What is a chromosome mutation?
chromosomes that contain genetic information in cells of many different organisms can mutate through different processes, often at the expense of a mutated organism. The chromosome mutation takes place on the level of the chromosome, which means that the entire structural unit of the chromosome will change in some way. Chromosome mutation is often considered to be different from gene mutation, in which only one gene on the chromosome changes. Chromosome mutations occur on a larger scale that affects a significant part of the whole chromosome, so many genes can be affected by a single mutation.
chromosome mutation is generally classified on the basis of a specific structural change in chromosome or chromosomes. One type of mutation is, for example, merger; It occurs when two different chromosomes or chromosome segments are combined into one.
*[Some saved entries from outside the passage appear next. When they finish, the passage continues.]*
lemma ham_path_col_segs:
  assumes "0 < q" "r < s" "mset js = mset [0..<s]" "linked (col_segs q s r u js)"
  shows "ham_path s (q * s + r) (concat (col_segs q s r u js)) (s - 1) (q * s + r - s)"
proof -
  have "length js = s"
    using arg_cong[OF assms(3), of size] by simp
  moreover have "ham_path s (q * s + r) (concat (col_segs q s r u js))
      (length (col_segs q s r u js) - 1) (q * s + r - length (col_segs q s r u js))"
    using assms by (intro ham_path_concat)
      (auto simp: step_run_col_seg mset_concat_col_segs sum_list_mset_columns)
  ultimately show ?thesis by simp
qed

section \<open>Boustrophedon paths\<close>

definition bous :: "nat \<Rightarrow> nat \<Rightarrow> nat \<Rightarrow> nat list" where
  "bous q s r = concat (col_segs q s r even [0..<s])"

lemma
  assumes "0 < q" "r < s" "even r" "odd s"
  shows ham_path_bous: "ham_path s (q * s + r) (bous q s r) (s - 1) (q * s + r - s)"
    and hd_bous: "hd (bous q s r) = 0"
    and last_bous: "last (bous q s r) = s * q - 1"
proof -
  have "linked (col_segs q s r even [0..<s])"
    using assms by (intro linked_col_segs_upt) auto
  then show "ham_path s (q * s + r) (bous q s r) (s - 1) (q * s + r - s)"
    unfolding bous_def using assms by (intro ham_path_col_segs) auto
  have s: "[0..<s] = 0 # [1..<s]" "[0..<s] = [0..<s - 1] @ [s - 1]"
    using assms by (simp_all add: upt_conv_Cons upt_Suc_append[symmetric])
  show "hd (bous q s r) = 0"
    using assms col_seg_ne[OF assms(1)] by (subst bous_def, subst s(1)) (simp add: hd_col_seg)
  have "s \<le> s * q" using assms by simp
  then show "last (bous q s r) = s * q - 1"
    using assms col_seg_ne[OF assms(1)]
    by (subst bous_def, subst s(2)) (simp add: last_col_seg col_top_ge)
qed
Scientists indeed believe that the human second chromosome is the merger of two chromosomes that have pre -school ancestors. Another type of chromosome mutation is referred to as Inourse and occurs when the chromosome segment is turned. Inversions often do not cause any visible mutations of the body, because all genetic information is generally intact and unchanged - even if it is not always the case.
When a chromosome mutation changes the number of copies of a particular gene in the body genome, it is much more likely that it will cause any notice or significant effect on the body. Common mutations of this form include advertising that put a new segment into the chromosome and deletion that removes the segment from the chromosome. Both types of chromosome mutations lead to a change in copies of the gene or gene. Excessive expression or underexpression of the gene, one of which can be disappointed with drastic effects on the expression of the gene in the body. For example, in the white mutation in the fruit fly Drosophila Melanogaster , for example, a lack of sufficiently expressed gene coding for Pigmentation of eyes in flies with white eyes.
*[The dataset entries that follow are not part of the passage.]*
lemma has_real_derivative_tail:
  assumes "x > -1"
  shows "((\<lambda>x. (x / (1 + x)) ^ n) has_real_derivative psi_tail_deriv n x) (at x)"
proof -
  have nz: "1 + x \<noteq> 0" using assms by simp
  have "((\<lambda>x. (x / (1 + x)) ^ n) has_real_derivative
      real n * (x / (1 + x)) ^ (n - 1) * ((1 * (1 + x) - x * 1) / ((1 + x) * (1 + x)))) (at x)"
    using nz by (intro derivative_eq_intros refl) auto
  moreover have "real n * (x / (1 + x)) ^ (n - 1) * ((1 * (1 + x) - x * 1) / ((1 + x) * (1 + x)))
      = psi_tail_deriv n x"
    using nz by (cases n) (simp_all add: psi_tail_deriv_def field_simps)
  ultimately show ?thesis by simp
qed

lemma psi_tail_deriv_at_junction: "n \<ge> 1 \<Longrightarrow> psi_tail_deriv n (real n - 1) = psi_slope n"
  by (cases n) (simp_all add: psi_tail_deriv_def psi_slope_def)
Scientists have many different ways to identify a particular chromosome mutation or a gene mutation. Organisms with different genetic features can be exceeded in different combinations to create a general "map" that indicates the location of the mutation. Scientists can also sequential parts of the organism genome. Sequencing represents scientists a detailed view of the genetic information of the organism and its location on the chromosome.